INFORMATION:
________________

lemma gram_inverse_mult_v_combination:
  fixes Q U S X :: "real mat"
  assumes Q: "Q \<in> carrier_mat n k" and U: "U \<in> carrier_mat n k"
    and S: "S \<in> carrier_mat k k" and X: "X \<in> carrier_mat k k" and QXG: "Q * X * (Q\<^sup>T * Q) = Q"
    and q: "q \<in> carrier_vec n" and e: "e \<in> carrier_vec k" and \<alpha>: "\<alpha> \<in> carrier_vec k"
  shows "(Q * X) *\<^sub>v (U\<^sup>T *\<^sub>v q - d \<cdot>\<^sub>v (Q\<^sup>T *\<^sub>v (Q *\<^sub>v e)) - (U\<^sup>T * Q - Q\<^sup>T * (Q * S)) *\<^sub>v \<alpha>)
    = (Q * X) *\<^sub>v (U\<^sup>T *\<^sub>v (q - Q *\<^sub>v \<alpha>)) - d \<cdot>\<^sub>v (Q *\<^sub>v e) + Q *\<^sub>v (S *\<^sub>v \<alpha>)"
proof -
  have QX: "Q * X \<in> carrier_mat n k" using Q X by auto
  have "(U\<^sup>T * Q - Q\<^sup>T * (Q * S)) *\<^sub>v \<alpha> = U\<^sup>T *\<^sub>v (Q *\<^sub>v \<alpha>) - Q\<^sup>T *\<^sub>v (Q *\<^sub>v (S *\<^sub>v \<alpha>))"
    using U Q S \<alpha> by (simp add: minus_mult_distrib_mat_vec[of _ k k] assoc_mult_mat_vec_dims)
  then have lhs: "(Q * X) *\<^sub>v (U\<^sup>T *\<^sub>v q - d \<cdot>\<^sub>v (Q\<^sup>T *\<^sub>v (Q *\<^sub>v e)) - (U\<^sup>T * Q - Q\<^sup>T * (Q * S)) *\<^sub>v \<alpha>)
      = (Q * X) *\<^sub>v (U\<^sup>T *\<^sub>v q) - d \<cdot>\<^sub>v (Q *\<^sub>v e)
        - ((Q * X) *\<^sub>v (U\<^sup>T *\<^sub>v (Q *\<^sub>v \<alpha>)) - Q *\<^sub>v (S *\<^sub>v \<alpha>))"
    using QX U Q S \<alpha> q e gram_inverse_mult_col_space[OF Q X QXG]
    by (simp add: mult_minus_distrib_mat_vec[OF QX] mult_mat_vec[OF QX])
  have rhs: "(Q * X) *\<^sub>v (U\<^sup>T *\<^sub>v (q - Q *\<^sub>v \<alpha>))
      = (Q * X) *\<^sub>v (U\<^sup>T *\<^sub>v q) - (Q * X) *\<^sub>v (U\<^sup>T *\<^sub>v (Q *\<^sub>v \<alpha>))"
    using QX U Q q \<alpha> by (simp add: mult_minus_distrib_mat_vec)
  show ?thesis unfolding lhs rhs using QX U Q S \<alpha> q e by (auto simp: vec_eq_iff)
qed
text \<open>Input: photon in input mode i (i<n) has internal state xi_(j i).
  Expanding hat U (prod_i a_i^dag[xi_(j i)]) |0> = sum over k : [n] -> [n] of
  (prod_i U (k i) i) prod_i a_(k i)^dag[xi_(j i)] |0>.  The state prod a^dag |0> depends
  only on the multiset of (mode, internal label) pairs, and equals sqrt(prod_x M(x)!)
  times the normalised basis state |M>.\<close>
definition out_ms :: "nat \<Rightarrow> (nat \<Rightarrow> nat) \<Rightarrow> (nat \<Rightarrow> nat) \<Rightarrow> (nat \<times> nat) multiset" where
  "out_ms n j k = mset (map (\<lambda>i. (k i, j i)) [0..<n])"

definition out_amp_sum :: "(nat \<Rightarrow> nat \<Rightarrow> complex) \<Rightarrow> nat \<Rightarrow> (nat \<Rightarrow> nat) \<Rightarrow> (nat \<times> nat) multiset \<Rightarrow> complex" where
  "out_amp_sum U n j M = (\<Sum>k\<in>{k \<in> {0..<n} \<rightarrow>\<^sub>E {0..<n}. out_ms n j k = M}. \<Prod>i<n. U (k i) i)"

definition out_amp :: "(nat \<Rightarrow> nat \<Rightarrow> complex) \<Rightarrow> nat \<Rightarrow> (nat \<Rightarrow> nat) \<Rightarrow> (nat \<times> nat) multiset \<Rightarrow> complex" where
  "out_amp U n j M = complex_of_real (sqrt (\<Prod>x\<in>set_mset M. fact (count M x))) * out_amp_sum U n j M"

definition out_prob :: "(nat \<Rightarrow> nat \<Rightarrow> complex) \<Rightarrow> nat \<Rightarrow> (nat \<Rightarrow> nat) \<Rightarrow> (nat \<times> nat) multiset \<Rightarrow> real" where
  "out_prob U n j M = (cmod (out_amp U n j M))\<^sup>2"

definition outcomes :: "nat \<Rightarrow> (nat \<Rightarrow> nat) \<Rightarrow> (nat \<times> nat) multiset set" where
  "outcomes n j = out_ms n j ` ({0..<n} \<rightarrow>\<^sub>E {0..<n})"

definition mode_count :: "(nat \<times> nat) multiset \<Rightarrow> nat \<Rightarrow> nat" where
  "mode_count M m = size (filter_mset (\<lambda>x. fst x = m) M)"

text \<open><s_0,...,s_(n-1)| hat U |1,...,1> (no internal degrees of freedom).\<close>
definition fock_amp :: "(nat \<Rightarrow> nat \<Rightarrow> complex) \<Rightarrow> nat \<Rightarrow> (nat \<Rightarrow> nat) \<Rightarrow> complex" where
  "fock_amp U n s = complex_of_real (sqrt (\<Prod>m<n. fact (s m))) *
     (\<Sum>k\<in>{k \<in> {0..<n} \<rightarrow>\<^sub>E {0..<n}. \<forall>m<n. card {i. i < n \<and> k i = m} = s m}. \<Prod>i<n. U (k i) i)"

definition ideal_pattern :: "(nat \<Rightarrow> nat \<Rightarrow> complex) \<Rightarrow> nat \<Rightarrow> (nat \<Rightarrow> nat) \<Rightarrow> bool" where
  "ideal_pattern U n s \<longleftrightarrow> (\<Sum>m<n. s m) = n \<and> s 0 = 1 \<and> fock_amp U n s \<noteq> 0"

text \<open>PNRD on modes 1..n-1; s_0 := n - sum of the others.\<close>
definition herald_pattern :: "nat \<Rightarrow> (nat \<times> nat) multiset \<Rightarrow> nat \<Rightarrow> nat" where
  "herald_pattern n M m = (if m = 0 then n - (\<Sum>i\<in>{1..<n}. mode_count M i) else mode_count M m)"

definition success :: "(nat \<Rightarrow> nat \<Rightarrow> complex) \<Rightarrow> nat \<Rightarrow> (nat \<times> nat) multiset \<Rightarrow> bool" where
  "success U n M \<longleftrightarrow> ideal_pattern U n (herald_pattern n M)"

definition output_error :: "(nat \<times> nat) multiset \<Rightarrow> bool" where
  "output_error M \<longleftrightarrow> (\<exists>c\<ge>1. (0, c) \<in># M)"

text \<open>Input state: mixture over label assignments j in Js with weights p j.\<close>
definition heralding_rate :: "(nat \<Rightarrow> nat \<Rightarrow> complex) \<Rightarrow> nat \<Rightarrow> (nat \<Rightarrow> nat) set \<Rightarrow> ((nat \<Rightarrow> nat) \<Rightarrow> real) \<Rightarrow> real" where
  "heralding_rate U n Js p =
     (\<Sum>j\<in>Js. p j * (\<Sum>M\<in>{M \<in> outcomes n j. success U n M}. out_prob U n j M))"

definition error_joint :: "(nat \<Rightarrow> nat \<Rightarrow> complex) \<Rightarrow> nat \<Rightarrow> (nat \<Rightarrow> nat) set \<Rightarrow> ((nat \<Rightarrow> nat) \<Rightarrow> real) \<Rightarrow> real" where
  "error_joint U n Js p =
     (\<Sum>j\<in>Js. p j * (\<Sum>M\<in>{M \<in> outcomes n j. success U n M \<and> output_error M}. out_prob U n j M))"

definition error_rate :: "(nat \<Rightarrow> nat \<Rightarrow> complex) \<Rightarrow> nat \<Rightarrow> (nat \<Rightarrow> nat) set \<Rightarrow> ((nat \<Rightarrow> nat) \<Rightarrow> real) \<Rightarrow> real" where
  "error_rate U n Js p = error_joint U n Js p / heralding_rate U n Js p"

definition urs_labels :: "nat \<Rightarrow> nat \<Rightarrow> (nat \<Rightarrow> nat) set" where
  "urs_labels n R = {0..<n} \<rightarrow>\<^sub>E {0..R}"

definition urs_prob :: "nat \<Rightarrow> nat \<Rightarrow> real \<Rightarrow> (nat \<Rightarrow> nat) \<Rightarrow> real" where
  "urs_prob n R \<epsilon> j = (\<Prod>i<n. if j i = 0 then 1 - \<epsilon> else \<epsilon> / real R)"

definition obb_labels :: "nat \<Rightarrow> (nat \<Rightarrow> nat) set" where
  "obb_labels n = PiE {0..<n} (\<lambda>i. {0, Suc i})"

definition obb_prob :: "nat \<Rightarrow> real \<Rightarrow> (nat \<Rightarrow> nat) \<Rightarrow> real" where
  "obb_prob n \<epsilon> j = (\<Prod>i<n. if j i = 0 then 1 - \<epsilon> else \<epsilon>)"

end

theory Submission
  imports Defs
begin

text \<open>
  Expand the input mixture according to which photons carry an error (weight \<open>(1 - \<epsilon>)\<close> per
  good photon, \<open>\<epsilon> w\<close> per bad one).  The heralding rate is \<open>T + O(\<epsilon>)\<close>, where \<open>T\<close> is the
  heralding rate of the perfect input, and an error is heralded only if some photon is bad,
  so up to \<open>O(\<epsilon>\<^sup>2)\<close> only inputs with a single bad photon contribute to the error rate.
  If photon \<open>i\<close> is the bad one, the amplitude of a heralded error with pattern \<open>S\<close> is the
  part \<open>A\<^sub>i(S)\<close> of the ideal amplitude \<open>A(S) = \<Sum>\<^sub>i A\<^sub>i(S)\<close> in which photon \<open>i\<close> leaves in
  mode 0.  For \<open>F\<^bsub>(n\<^sub>1,\<dots>,n\<^sub>l)\<^esub>\<close> every input mode can be moved to every other one by a
  digitwise cyclic shift of the columns, which only multiplies the rows by phases; hence all
  \<open>A\<^sub>i(S)\<close> coincide when \<open>A(S) \<noteq> 0\<close>, so \<open>\<Sum>\<^sub>i |A\<^sub>i(S)|\<^sup>2 = |A(S)|\<^sup>2 / n\<close> and the
  heralded errors have total weight \<open>\<epsilon> T / n + O(\<epsilon>\<^sup>2)\<close>.  Finally \<open>T > 0\<close>, because the
  amplitudes of all patterns with one photon in mode 0 add up to
  \<open>v\<^sup>2 (-v)\<^bsup>n-2\<^esup> n (n - 2) \<noteq> 0\<close>, where \<open>v = 1 / \<surd>n\<close> is the entry of the first row.
\<close>

section \<open>Fourier matrices and their column symmetry\<close>

definition unit_root :: "nat \<Rightarrow> complex" where
  "unit_root m = exp (2 * complex_of_real pi * \<i> / of_nat m)"

lemma fourier_eq_unit_root_power:
  "fourier m a b = unit_root m ^ (a * b) / complex_of_real (sqrt (real m))"
  by (simp add: fourier_def unit_root_def)

lemma unit_root_power: "unit_root m ^ k = cis (2 * pi * real k / real m)"
proof -
  have "unit_root m = cis (2 * pi / real m)"
    by (simp add: unit_root_def cis_conv_exp mult_ac)
  then show ?thesis
    by (simp add: DeMoivre mult_ac)
qed

lemma unit_root_power_self: "m > 0 \<Longrightarrow> unit_root m ^ m = 1"
  by (simp add: unit_root_power)

lemma unit_root_power_mod:
  assumes "m > 0"
  shows "unit_root m ^ k = unit_root m ^ (k mod m)"
proof -
  have "unit_root m ^ k = (unit_root m ^ m) ^ (k div m) * unit_root m ^ (k mod m)"
    by (metis div_mult_mod_eq mult.commute power_add power_mult)
  then show ?thesis
    using unit_root_power_self[OF assms] by simp
qed

lemma unit_root_power_neq_1:
  assumes "0 < k" "k < m"
  shows "unit_root m ^ k \<noteq> 1"
  using inj_onD[OF bij_betw_imp_inj_on[OF bij_betw_roots_unity], of m k 0] assms
  by (auto simp: unit_root_power)

lemma sum_unit_root_powers:
  assumes "y < m"
  shows "(\<Sum>x<m. unit_root m ^ (x * y)) = (if y = 0 then of_nat m else 0)"
proof (cases "y = 0")
  case False
  let ?z = "unit_root m ^ y"
  have "?z \<noteq> 1"
    using unit_root_power_neq_1 assms False by simp
  moreover have "?z ^ m = (unit_root m ^ m) ^ y"
    by (simp only: power_mult[symmetric] mult.commute)
  then have "?z ^ m = 1"
    using unit_root_power_self assms by simp
  ultimately have "(\<Sum>x<m. ?z ^ x) = 0"
    by (simp add: sum_gp_strict)
  then show ?thesis
    using False by (simp add: power_mult[symmetric] mult.commute)
qed simp

lemma fourier_row_0: "fourier m 0 b = 1 / complex_of_real (sqrt (real m))"
  by (simp add: fourier_eq_unit_root_power)

lemma fourier_column_sum:
  assumes "b < m"
  shows "(\<Sum>a<m. fourier m a b) = (if b = 0 then complex_of_real (sqrt (real m)) else 0)"
proof -
  have "(\<Sum>a<m. fourier m a b) = (\<Sum>a<m. unit_root m ^ (a * b)) / complex_of_real (sqrt (real m))"
    by (simp add: fourier_eq_unit_root_power sum_divide_distrib)
  also have "\<dots> = (if b = 0 then complex_of_real (real m / sqrt (real m)) else 0)"
    using assms by (simp add: sum_unit_root_powers)
  finally show ?thesis
    by (simp add: real_div_sqrt)
qed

________________

The lines from the one containing "by (auto simp: unit_root_power)" through the last line of the records are the answer; set them down exactly and add nothing.

  by (auto simp: unit_root_power)

lemma sum_unit_root_powers:
  assumes "y < m"
  shows "(\<Sum>x<m. unit_root m ^ (x * y)) = (if y = 0 then of_nat m else 0)"
proof (cases "y = 0")
  case False
  let ?z = "unit_root m ^ y"
  have "?z \<noteq> 1"
    using unit_root_power_neq_1 assms False by simp
  moreover have "?z ^ m = (unit_root m ^ m) ^ y"
    by (simp only: power_mult[symmetric] mult.commute)
  then have "?z ^ m = 1"
    using unit_root_power_self assms by simp
  ultimately have "(\<Sum>x<m. ?z ^ x) = 0"
    by (simp add: sum_gp_strict)
  then show ?thesis
    using False by (simp add: power_mult[symmetric] mult.commute)
qed simp

lemma fourier_row_0: "fourier m 0 b = 1 / complex_of_real (sqrt (real m))"
  by (simp add: fourier_eq_unit_root_power)

lemma fourier_column_sum:
  assumes "b < m"
  shows "(\<Sum>a<m. fourier m a b) = (if b = 0 then complex_of_real (sqrt (real m)) else 0)"
proof -
  have "(\<Sum>a<m. fourier m a b) = (\<Sum>a<m. unit_root m ^ (a * b)) / complex_of_real (sqrt (real m))"
    by (simp add: fourier_eq_unit_root_power sum_divide_distrib)
  also have "\<dots> = (if b = 0 then complex_of_real (real m / sqrt (real m)) else 0)"
    using assms by (simp add: sum_unit_root_powers)
  finally show ?thesis
    by (simp add: real_div_sqrt)
qed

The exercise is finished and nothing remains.